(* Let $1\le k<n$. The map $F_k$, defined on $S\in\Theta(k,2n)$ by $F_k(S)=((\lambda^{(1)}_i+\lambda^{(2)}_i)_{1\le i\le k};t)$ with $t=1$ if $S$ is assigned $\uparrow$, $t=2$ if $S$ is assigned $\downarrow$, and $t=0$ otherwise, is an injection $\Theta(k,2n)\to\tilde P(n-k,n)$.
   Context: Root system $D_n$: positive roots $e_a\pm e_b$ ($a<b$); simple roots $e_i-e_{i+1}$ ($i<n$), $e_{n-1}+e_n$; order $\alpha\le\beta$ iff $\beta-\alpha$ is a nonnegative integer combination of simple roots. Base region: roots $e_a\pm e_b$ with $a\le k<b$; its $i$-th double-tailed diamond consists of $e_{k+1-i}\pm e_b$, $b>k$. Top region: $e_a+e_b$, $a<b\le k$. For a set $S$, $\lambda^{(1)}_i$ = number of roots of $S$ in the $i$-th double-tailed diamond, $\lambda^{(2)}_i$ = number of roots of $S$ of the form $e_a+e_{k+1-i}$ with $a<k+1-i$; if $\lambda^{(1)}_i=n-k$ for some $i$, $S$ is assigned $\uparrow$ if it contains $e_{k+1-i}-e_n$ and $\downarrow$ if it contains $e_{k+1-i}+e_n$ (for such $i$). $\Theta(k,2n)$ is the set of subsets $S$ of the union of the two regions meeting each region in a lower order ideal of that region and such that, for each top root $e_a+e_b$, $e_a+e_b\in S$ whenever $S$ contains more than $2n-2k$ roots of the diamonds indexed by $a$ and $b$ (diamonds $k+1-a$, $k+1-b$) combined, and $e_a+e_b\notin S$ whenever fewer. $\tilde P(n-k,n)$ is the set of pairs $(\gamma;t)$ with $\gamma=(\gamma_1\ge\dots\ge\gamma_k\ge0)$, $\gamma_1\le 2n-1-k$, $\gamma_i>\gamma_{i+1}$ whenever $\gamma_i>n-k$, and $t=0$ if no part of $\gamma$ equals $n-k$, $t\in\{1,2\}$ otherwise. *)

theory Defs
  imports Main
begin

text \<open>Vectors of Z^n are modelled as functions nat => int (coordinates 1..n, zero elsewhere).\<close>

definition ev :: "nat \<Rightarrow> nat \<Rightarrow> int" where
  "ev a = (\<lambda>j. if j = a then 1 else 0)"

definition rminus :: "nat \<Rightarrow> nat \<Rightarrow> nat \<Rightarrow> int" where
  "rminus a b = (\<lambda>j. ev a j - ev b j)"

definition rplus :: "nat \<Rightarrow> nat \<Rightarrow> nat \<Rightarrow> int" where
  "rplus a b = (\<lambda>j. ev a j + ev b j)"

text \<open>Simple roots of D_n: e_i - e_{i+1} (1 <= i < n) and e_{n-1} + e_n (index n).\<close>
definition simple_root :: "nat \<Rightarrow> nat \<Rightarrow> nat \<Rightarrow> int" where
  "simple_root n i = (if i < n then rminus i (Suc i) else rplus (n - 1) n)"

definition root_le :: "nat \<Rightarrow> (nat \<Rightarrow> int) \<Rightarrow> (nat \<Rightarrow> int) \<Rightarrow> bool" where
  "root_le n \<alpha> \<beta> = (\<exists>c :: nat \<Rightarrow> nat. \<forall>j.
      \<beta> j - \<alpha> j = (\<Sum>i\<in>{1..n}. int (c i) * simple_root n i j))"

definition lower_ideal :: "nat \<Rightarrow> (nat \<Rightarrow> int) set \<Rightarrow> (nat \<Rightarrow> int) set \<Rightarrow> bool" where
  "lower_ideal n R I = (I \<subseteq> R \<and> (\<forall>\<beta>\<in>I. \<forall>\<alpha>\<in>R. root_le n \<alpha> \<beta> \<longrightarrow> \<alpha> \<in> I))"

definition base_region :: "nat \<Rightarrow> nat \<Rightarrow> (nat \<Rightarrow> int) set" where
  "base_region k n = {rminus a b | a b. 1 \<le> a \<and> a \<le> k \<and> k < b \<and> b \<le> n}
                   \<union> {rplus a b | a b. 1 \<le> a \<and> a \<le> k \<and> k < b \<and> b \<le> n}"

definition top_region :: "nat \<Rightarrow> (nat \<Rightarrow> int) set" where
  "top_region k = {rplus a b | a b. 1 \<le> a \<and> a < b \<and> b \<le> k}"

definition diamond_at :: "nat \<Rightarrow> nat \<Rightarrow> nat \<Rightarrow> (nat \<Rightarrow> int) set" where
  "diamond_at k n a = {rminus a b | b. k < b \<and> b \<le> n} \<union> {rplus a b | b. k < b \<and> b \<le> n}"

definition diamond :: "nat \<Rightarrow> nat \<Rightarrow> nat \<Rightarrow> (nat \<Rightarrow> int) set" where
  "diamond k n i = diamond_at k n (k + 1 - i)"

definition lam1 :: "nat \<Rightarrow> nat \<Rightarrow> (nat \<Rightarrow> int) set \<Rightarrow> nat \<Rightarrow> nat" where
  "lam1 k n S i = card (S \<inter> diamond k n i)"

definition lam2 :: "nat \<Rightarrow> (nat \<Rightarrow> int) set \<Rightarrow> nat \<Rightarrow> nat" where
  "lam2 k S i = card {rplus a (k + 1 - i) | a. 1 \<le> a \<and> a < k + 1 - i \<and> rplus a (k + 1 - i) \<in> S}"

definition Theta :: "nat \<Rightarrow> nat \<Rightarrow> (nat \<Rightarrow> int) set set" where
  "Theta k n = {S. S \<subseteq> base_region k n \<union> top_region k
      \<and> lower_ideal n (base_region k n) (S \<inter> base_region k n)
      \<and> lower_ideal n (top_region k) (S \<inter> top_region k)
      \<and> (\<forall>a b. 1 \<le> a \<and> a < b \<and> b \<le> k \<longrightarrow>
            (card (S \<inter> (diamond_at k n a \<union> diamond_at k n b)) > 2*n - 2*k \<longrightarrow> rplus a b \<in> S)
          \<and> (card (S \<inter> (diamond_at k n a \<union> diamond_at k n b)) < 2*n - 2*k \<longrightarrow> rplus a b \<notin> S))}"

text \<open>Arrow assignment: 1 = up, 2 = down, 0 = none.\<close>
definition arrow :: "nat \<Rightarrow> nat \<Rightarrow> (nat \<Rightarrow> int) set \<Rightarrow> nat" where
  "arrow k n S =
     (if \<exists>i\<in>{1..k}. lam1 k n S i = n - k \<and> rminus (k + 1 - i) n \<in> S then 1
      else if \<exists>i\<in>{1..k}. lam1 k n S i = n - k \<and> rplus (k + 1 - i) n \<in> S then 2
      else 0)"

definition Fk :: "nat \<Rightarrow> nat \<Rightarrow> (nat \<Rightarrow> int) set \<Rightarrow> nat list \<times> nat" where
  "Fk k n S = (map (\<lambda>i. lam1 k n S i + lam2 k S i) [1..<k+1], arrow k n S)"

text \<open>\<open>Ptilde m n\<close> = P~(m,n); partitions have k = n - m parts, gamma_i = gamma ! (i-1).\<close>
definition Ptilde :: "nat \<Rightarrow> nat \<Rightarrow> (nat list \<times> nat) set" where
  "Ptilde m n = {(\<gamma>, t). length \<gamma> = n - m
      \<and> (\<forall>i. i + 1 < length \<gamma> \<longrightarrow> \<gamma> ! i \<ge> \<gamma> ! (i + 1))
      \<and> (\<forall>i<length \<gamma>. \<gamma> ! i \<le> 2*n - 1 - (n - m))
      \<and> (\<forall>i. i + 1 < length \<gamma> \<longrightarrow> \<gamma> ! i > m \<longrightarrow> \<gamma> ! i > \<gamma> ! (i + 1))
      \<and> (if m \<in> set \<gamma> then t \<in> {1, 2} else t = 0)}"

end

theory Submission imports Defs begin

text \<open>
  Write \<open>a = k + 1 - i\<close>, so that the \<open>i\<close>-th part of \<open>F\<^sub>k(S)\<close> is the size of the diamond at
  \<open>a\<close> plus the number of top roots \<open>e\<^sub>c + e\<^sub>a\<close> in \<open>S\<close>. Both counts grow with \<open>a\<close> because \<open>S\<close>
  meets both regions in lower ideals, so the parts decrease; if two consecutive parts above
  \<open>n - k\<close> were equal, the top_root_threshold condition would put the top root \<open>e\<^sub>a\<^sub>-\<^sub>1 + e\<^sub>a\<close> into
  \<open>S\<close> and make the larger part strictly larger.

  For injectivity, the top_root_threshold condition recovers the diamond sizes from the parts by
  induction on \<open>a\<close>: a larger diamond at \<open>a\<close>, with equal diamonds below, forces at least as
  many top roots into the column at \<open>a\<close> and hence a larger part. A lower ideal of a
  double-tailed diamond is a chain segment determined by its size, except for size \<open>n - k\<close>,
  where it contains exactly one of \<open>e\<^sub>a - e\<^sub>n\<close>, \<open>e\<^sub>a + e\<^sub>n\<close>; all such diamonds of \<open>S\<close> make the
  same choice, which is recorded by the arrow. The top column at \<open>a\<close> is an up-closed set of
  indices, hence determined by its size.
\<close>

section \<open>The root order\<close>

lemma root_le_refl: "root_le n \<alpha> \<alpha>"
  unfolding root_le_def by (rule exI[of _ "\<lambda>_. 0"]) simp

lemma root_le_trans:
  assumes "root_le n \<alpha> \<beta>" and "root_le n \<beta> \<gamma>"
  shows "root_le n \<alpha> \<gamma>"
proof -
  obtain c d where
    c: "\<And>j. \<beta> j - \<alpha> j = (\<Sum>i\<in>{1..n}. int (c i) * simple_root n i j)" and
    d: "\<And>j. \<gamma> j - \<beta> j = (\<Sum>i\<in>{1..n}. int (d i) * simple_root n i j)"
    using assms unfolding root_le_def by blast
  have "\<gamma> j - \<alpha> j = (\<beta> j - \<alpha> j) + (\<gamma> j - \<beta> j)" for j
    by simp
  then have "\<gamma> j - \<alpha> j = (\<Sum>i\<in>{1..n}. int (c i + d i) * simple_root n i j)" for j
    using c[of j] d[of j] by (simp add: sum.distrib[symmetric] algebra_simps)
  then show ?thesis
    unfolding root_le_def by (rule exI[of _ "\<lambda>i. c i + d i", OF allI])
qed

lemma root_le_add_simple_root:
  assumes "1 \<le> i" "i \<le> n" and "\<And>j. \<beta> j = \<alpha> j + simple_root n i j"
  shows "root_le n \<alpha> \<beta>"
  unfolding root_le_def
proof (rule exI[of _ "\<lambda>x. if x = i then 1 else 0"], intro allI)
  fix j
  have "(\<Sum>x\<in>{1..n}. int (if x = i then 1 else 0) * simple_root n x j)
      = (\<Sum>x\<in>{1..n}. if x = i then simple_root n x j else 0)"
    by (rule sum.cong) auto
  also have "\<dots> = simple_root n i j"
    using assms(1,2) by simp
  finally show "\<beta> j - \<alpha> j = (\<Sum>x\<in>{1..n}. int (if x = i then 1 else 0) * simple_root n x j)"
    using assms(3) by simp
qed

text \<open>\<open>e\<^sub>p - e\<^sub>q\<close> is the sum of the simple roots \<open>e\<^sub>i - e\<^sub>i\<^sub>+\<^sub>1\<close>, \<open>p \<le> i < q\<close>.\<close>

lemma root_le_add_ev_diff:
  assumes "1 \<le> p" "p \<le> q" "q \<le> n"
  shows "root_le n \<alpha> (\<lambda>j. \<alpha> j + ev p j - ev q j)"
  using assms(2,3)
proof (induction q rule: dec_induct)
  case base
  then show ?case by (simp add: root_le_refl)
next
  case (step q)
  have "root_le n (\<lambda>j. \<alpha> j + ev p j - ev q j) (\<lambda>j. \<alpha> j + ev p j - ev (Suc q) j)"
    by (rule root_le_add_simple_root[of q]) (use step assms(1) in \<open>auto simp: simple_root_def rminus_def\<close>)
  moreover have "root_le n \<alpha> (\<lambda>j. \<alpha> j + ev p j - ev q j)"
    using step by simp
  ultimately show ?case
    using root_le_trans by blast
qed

| Instructions to follow |
If a line in the entries holds the string "subseteq", copy it.

| Task result |
  "lower_ideal n R I = (I \<subseteq> R \<and> (\<forall>\<beta>\<in>I. \<forall>\<alpha>\<in>R. root_le n \<alpha> \<beta> \<longrightarrow> \<alpha> \<in> I))"
  "Theta k n = {S. S \<subseteq> base_region k n \<union> top_region k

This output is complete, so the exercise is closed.